Sample size in prognostic factor research

Dear all,

I read some literature proposing sample size calculations for a study on a new prognostic factor, e.g. a new biomarker and its association with 1 year all-cause mortality.

Example: Schmoor, C., Sauerbrei, W. and Schumacher, M. (2000), Sample size considerations for the evaluation of prognostic factors in survival analysis. Statist. Med., 19: 441-452.

I thought this or other formulas could be used before data collection to determine how many patients to include.
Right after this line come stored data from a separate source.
lemma rotation_scale:
  fixes z :: complex
  defines "s \<equiv> 1 / sqrt (1 + (cmod z)\<^sup>2)"
  shows "s > 0" and "s\<^sup>2 * (1 + (cmod z)\<^sup>2) = 1"
proof -
  have "1 + (cmod z)\<^sup>2 > 0"
    by (simp add: add_pos_nonneg)
  then show "s > 0" "s\<^sup>2 * (1 + (cmod z)\<^sup>2) = 1"
    by (simp_all add: s_def power_divide)
qed

lemma rotation_to_infinity_eq:
  fixes s :: real
  assumes "s = 1 / sqrt (1 + (cmod z)\<^sup>2)"
  shows "rotation_to_infinity z = mat2 (of_real s * cnj z) (of_real s) (- of_real s) (of_real s * z)"
  by (simp add: assms rotation_to_infinity_def cmat_eq_iff) (simp add: scaleR_conv_of_real)

lemma unitary_rows_inner:
  fixes s :: real and x1 x2 y1 y2 z :: complex
  assumes "s\<^sup>2 * (1 + (cmod z)\<^sup>2) = 1"
  shows "(s * (x1 * z + x2)) * cnj (s * (y1 * z + y2)) + (s * (- x1 + x2 * cnj z)) * cnj (s * (- y1 + y2 * cnj z))
         = x1 * cnj y1 + x2 * cnj y2"
proof -
  have "(complex_of_real s)\<^sup>2 * (1 + z * cnj z) = 1"
    using arg_cong[OF assms, of complex_of_real] by (simp add: complex_norm_square[symmetric])
  moreover have "(s * (x1 * z + x2)) * cnj (s * (y1 * z + y2)) + (s * (- x1 + x2 * cnj z)) * cnj (s * (- y1 + y2 * cnj z))
      = ((complex_of_real s)\<^sup>2 * (1 + z * cnj z)) * (x1 * cnj y1 + x2 * cnj y2)"
    by (simp add: algebra_simps power2_eq_square)
  ultimately show ?thesis
    by simp
qed

lemma unitary_rows_norm:
  fixes s :: real and x1 x2 z :: complex
  assumes "s\<^sup>2 * (1 + (cmod z)\<^sup>2) = 1"
  shows "(cmod (s * (x1 * z + x2)))\<^sup>2 + (cmod (s * (- x1 + x2 * cnj z)))\<^sup>2 = (cmod x1)\<^sup>2 + (cmod x2)\<^sup>2"
proof -
  have "complex_of_real ((cmod (s * (x1 * z + x2)))\<^sup>2 + (cmod (s * (- x1 + x2 * cnj z)))\<^sup>2)
      = complex_of_real ((cmod x1)\<^sup>2 + (cmod x2)\<^sup>2)"
    unfolding of_real_add complex_norm_square by (rule unitary_rows_inner[OF assms])
  then show ?thesis
    by (simp only: of_real_eq_iff)
qed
I was wondering about two topics.

  1. If we collected data already, and want to investigate a new prognostic factor (which is frequently done with biobanks), is there any method that does not have the problem of a post hoc sample size calculation?
  2. As these are usually explanatory models and we adjust based on subject matter knowledge, what if I am still worried of overfitting and want to use less degrees of freedom (all sample size formulas I know are for prediction models).

Thanks in advance!

Koray

I’m not sure I can address your questions but this recent paper may be of interest if you haven’t already seen it: Design aspects for prognostic factor studies - PMC

1 Like

Be sure that “using less degrees of freedom” does not use standard statistical assessments to remove “unimportant” associations from the model. Things like unsupervised learning approaches are less problematic.

In terms of dealing with a possibly inadequate sample size, the best way to deal with that when patients cannot be added is to present confidence intervals for quantities of interest, such as intervals for interquartile-range effect ratios and especially for relative explained variation due to each predictor. For the latter see 5  Describing, Resampling, Validating, and Simplifying the Model – Regression Modeling Strategies and Challenges of High-Dimensional Data Analysis.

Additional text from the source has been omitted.